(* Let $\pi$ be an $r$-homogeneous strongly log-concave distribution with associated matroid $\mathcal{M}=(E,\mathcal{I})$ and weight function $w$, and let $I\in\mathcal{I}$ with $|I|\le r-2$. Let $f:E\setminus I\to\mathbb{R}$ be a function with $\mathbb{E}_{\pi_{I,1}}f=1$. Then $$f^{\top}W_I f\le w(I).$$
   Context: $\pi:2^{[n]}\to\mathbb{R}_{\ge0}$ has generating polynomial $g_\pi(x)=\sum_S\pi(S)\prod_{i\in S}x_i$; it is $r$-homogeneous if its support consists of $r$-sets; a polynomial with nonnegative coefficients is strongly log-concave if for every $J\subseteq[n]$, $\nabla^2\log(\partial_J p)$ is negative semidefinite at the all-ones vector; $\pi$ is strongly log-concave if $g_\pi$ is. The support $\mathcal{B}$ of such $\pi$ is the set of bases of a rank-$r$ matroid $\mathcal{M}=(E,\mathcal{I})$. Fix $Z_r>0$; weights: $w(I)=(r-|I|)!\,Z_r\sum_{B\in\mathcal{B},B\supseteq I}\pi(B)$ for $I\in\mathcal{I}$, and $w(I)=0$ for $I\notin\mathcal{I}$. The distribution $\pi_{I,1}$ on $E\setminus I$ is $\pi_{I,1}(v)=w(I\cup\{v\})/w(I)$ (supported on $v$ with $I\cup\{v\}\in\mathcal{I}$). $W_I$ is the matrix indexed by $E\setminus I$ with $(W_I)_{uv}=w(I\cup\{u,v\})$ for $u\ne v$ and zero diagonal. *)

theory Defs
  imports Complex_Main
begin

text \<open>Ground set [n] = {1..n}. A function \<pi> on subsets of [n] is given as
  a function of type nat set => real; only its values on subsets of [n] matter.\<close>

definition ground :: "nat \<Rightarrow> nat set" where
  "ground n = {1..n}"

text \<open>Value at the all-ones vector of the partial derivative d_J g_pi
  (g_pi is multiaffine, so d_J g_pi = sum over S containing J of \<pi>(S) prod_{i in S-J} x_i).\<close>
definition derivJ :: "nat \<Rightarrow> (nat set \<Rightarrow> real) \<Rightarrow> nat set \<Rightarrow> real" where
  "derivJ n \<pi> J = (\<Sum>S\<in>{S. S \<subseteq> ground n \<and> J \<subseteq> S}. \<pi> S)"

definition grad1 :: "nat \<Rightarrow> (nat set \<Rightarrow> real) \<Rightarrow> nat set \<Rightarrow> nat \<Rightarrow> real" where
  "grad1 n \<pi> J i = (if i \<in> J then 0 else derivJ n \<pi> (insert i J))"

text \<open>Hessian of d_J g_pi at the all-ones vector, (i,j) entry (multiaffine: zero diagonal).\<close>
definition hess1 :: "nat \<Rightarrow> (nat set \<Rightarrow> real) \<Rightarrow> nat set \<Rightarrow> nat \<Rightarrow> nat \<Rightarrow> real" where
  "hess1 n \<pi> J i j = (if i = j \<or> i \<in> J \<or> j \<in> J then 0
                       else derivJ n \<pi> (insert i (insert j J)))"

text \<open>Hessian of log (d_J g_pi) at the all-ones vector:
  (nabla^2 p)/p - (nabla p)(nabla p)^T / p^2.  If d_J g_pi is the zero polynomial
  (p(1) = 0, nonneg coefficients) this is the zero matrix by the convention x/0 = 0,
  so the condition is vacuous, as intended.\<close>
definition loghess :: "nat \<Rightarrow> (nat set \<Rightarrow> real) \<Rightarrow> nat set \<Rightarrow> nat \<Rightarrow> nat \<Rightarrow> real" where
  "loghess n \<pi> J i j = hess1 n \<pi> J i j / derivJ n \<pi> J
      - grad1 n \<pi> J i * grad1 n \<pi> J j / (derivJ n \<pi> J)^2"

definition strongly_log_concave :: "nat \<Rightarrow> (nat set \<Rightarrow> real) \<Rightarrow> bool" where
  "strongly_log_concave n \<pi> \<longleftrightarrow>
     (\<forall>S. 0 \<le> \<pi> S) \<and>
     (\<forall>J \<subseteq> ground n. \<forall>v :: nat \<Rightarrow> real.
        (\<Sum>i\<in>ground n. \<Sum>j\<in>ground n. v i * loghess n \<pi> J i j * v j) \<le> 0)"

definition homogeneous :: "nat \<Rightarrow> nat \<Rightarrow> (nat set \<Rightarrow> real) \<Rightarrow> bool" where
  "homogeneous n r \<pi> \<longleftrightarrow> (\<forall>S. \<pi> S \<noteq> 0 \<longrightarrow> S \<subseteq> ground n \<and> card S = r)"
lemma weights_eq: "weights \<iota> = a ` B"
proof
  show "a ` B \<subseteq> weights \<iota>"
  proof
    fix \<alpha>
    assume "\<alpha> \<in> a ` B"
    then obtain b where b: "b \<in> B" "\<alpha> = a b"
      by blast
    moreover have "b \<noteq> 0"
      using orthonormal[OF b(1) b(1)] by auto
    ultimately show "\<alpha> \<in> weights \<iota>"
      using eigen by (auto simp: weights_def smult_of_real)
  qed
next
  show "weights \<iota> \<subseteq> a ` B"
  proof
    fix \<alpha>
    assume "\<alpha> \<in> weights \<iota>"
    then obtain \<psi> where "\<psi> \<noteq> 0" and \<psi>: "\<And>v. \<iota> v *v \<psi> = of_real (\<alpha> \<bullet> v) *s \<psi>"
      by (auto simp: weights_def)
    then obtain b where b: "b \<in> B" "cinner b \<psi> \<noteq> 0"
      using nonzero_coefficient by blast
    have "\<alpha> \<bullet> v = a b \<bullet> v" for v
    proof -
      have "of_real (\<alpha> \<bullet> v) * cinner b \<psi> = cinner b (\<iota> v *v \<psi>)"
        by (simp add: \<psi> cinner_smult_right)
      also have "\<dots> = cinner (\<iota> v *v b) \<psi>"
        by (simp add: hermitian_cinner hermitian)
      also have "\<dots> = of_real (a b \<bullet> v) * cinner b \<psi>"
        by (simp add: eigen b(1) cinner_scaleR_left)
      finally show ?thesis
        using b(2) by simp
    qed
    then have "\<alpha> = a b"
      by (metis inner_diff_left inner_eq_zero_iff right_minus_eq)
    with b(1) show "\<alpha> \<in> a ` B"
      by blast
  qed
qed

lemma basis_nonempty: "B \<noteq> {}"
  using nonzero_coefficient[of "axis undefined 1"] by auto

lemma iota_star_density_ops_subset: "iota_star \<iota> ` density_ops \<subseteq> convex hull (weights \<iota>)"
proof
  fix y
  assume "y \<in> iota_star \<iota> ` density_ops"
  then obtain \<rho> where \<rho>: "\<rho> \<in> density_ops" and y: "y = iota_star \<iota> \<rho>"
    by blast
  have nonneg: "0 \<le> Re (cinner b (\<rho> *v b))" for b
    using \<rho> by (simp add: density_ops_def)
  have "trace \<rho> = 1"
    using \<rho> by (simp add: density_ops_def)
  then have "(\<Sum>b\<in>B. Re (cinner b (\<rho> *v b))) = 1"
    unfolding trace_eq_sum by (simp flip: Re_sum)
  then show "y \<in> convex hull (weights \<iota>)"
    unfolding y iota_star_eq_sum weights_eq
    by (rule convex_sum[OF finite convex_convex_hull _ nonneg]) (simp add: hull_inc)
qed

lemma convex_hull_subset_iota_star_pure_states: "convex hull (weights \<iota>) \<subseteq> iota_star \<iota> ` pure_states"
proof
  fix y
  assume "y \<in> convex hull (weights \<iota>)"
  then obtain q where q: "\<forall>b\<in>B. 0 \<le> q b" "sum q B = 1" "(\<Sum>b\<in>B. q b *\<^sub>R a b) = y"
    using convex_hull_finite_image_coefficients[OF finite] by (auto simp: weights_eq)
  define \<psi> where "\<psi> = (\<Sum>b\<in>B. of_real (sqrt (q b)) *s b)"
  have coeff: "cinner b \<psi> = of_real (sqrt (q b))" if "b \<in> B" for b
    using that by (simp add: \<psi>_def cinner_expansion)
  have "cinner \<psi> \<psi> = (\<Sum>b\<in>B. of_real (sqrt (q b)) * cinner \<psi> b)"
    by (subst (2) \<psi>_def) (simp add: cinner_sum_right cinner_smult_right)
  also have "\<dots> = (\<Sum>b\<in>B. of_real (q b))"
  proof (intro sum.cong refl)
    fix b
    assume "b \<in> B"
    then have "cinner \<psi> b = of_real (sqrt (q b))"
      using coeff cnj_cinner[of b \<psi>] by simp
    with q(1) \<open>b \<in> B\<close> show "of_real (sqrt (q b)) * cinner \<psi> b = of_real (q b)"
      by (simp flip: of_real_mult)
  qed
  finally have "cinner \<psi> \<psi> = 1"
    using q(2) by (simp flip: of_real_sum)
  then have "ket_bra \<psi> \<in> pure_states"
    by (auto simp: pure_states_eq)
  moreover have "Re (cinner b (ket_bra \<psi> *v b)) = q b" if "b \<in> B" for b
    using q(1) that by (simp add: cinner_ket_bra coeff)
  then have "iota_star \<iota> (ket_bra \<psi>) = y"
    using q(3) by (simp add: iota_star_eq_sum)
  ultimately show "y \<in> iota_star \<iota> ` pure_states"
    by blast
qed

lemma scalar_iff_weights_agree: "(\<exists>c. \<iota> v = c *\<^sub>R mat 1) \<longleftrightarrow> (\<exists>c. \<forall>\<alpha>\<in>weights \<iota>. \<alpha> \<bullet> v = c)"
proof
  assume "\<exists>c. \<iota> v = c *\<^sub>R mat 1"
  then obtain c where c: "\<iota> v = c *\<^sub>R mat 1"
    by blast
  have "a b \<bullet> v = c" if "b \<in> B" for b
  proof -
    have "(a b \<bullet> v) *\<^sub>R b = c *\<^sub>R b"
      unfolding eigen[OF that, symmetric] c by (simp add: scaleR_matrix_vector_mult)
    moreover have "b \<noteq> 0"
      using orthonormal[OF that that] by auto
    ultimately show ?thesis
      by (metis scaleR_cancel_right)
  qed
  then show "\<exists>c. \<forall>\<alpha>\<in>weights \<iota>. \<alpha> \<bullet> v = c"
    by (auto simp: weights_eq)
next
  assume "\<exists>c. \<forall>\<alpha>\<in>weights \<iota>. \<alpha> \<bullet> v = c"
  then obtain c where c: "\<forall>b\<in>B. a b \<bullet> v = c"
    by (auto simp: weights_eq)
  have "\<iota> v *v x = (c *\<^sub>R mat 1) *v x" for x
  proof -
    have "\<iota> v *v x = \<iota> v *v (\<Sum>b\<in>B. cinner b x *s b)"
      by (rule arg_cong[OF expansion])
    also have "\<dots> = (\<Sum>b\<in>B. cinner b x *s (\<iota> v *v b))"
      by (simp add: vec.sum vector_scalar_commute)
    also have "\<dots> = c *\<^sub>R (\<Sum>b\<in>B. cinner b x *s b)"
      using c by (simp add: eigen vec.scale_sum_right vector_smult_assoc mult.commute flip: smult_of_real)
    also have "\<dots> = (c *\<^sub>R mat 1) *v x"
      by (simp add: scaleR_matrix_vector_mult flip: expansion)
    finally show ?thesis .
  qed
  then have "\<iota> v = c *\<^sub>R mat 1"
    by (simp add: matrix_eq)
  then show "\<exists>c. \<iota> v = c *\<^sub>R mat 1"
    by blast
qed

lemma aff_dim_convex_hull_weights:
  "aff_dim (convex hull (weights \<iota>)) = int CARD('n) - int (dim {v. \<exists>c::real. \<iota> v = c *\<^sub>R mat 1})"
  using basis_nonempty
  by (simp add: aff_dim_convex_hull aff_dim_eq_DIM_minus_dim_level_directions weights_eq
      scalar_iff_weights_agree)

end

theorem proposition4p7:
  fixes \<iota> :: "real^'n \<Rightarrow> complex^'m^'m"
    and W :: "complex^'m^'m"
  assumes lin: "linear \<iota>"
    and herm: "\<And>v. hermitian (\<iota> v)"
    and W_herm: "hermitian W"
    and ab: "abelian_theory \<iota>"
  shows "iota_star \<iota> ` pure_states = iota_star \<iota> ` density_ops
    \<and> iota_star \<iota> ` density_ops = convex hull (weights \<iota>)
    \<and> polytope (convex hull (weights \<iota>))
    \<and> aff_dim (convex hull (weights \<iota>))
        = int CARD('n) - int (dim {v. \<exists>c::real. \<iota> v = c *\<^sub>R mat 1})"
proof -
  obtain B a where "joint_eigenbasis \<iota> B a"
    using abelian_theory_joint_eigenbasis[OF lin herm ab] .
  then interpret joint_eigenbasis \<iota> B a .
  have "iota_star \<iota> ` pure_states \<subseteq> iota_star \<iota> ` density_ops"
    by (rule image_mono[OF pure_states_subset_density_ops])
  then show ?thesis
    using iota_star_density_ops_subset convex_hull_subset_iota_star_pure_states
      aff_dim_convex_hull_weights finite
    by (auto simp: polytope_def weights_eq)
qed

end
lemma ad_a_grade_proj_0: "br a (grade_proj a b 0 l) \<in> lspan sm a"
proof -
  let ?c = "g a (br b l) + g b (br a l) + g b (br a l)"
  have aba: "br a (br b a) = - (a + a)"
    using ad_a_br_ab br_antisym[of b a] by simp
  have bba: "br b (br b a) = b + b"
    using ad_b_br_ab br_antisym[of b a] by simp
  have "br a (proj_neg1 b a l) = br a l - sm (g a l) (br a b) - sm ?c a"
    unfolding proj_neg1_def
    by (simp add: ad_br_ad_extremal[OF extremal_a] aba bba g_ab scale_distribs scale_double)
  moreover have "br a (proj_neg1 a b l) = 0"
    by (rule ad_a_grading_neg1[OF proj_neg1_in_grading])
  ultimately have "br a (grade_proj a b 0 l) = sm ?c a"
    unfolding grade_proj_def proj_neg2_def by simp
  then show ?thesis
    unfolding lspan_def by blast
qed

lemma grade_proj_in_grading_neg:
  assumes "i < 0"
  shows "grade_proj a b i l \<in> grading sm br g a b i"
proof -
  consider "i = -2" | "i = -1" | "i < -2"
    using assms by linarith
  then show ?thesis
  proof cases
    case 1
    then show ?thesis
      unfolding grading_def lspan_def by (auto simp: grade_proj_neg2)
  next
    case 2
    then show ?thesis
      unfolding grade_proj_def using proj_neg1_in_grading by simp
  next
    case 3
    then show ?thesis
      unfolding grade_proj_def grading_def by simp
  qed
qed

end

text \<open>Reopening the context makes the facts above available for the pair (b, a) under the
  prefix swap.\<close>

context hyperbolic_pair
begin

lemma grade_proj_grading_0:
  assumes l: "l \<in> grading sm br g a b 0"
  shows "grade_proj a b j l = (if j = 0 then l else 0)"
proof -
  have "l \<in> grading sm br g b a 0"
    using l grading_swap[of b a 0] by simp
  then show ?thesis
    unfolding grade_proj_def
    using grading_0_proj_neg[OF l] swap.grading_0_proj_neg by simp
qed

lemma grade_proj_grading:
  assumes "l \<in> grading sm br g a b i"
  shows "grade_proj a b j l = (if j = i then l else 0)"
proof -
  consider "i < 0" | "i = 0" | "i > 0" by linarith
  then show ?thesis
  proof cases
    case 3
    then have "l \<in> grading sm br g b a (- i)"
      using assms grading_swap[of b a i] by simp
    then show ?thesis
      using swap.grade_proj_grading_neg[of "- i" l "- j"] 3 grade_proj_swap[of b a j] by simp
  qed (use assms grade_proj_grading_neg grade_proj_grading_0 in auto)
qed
####
## [TASK GOAL]
Scan the records above for the string "hermitian", and copy every line where it turns up.

## [EXERCISE RESPONSE]
        by (simp add: hermitian_cinner hermitian)
    and herm: "\<And>v. hermitian (\<iota> v)"
    and W_herm: "hermitian W"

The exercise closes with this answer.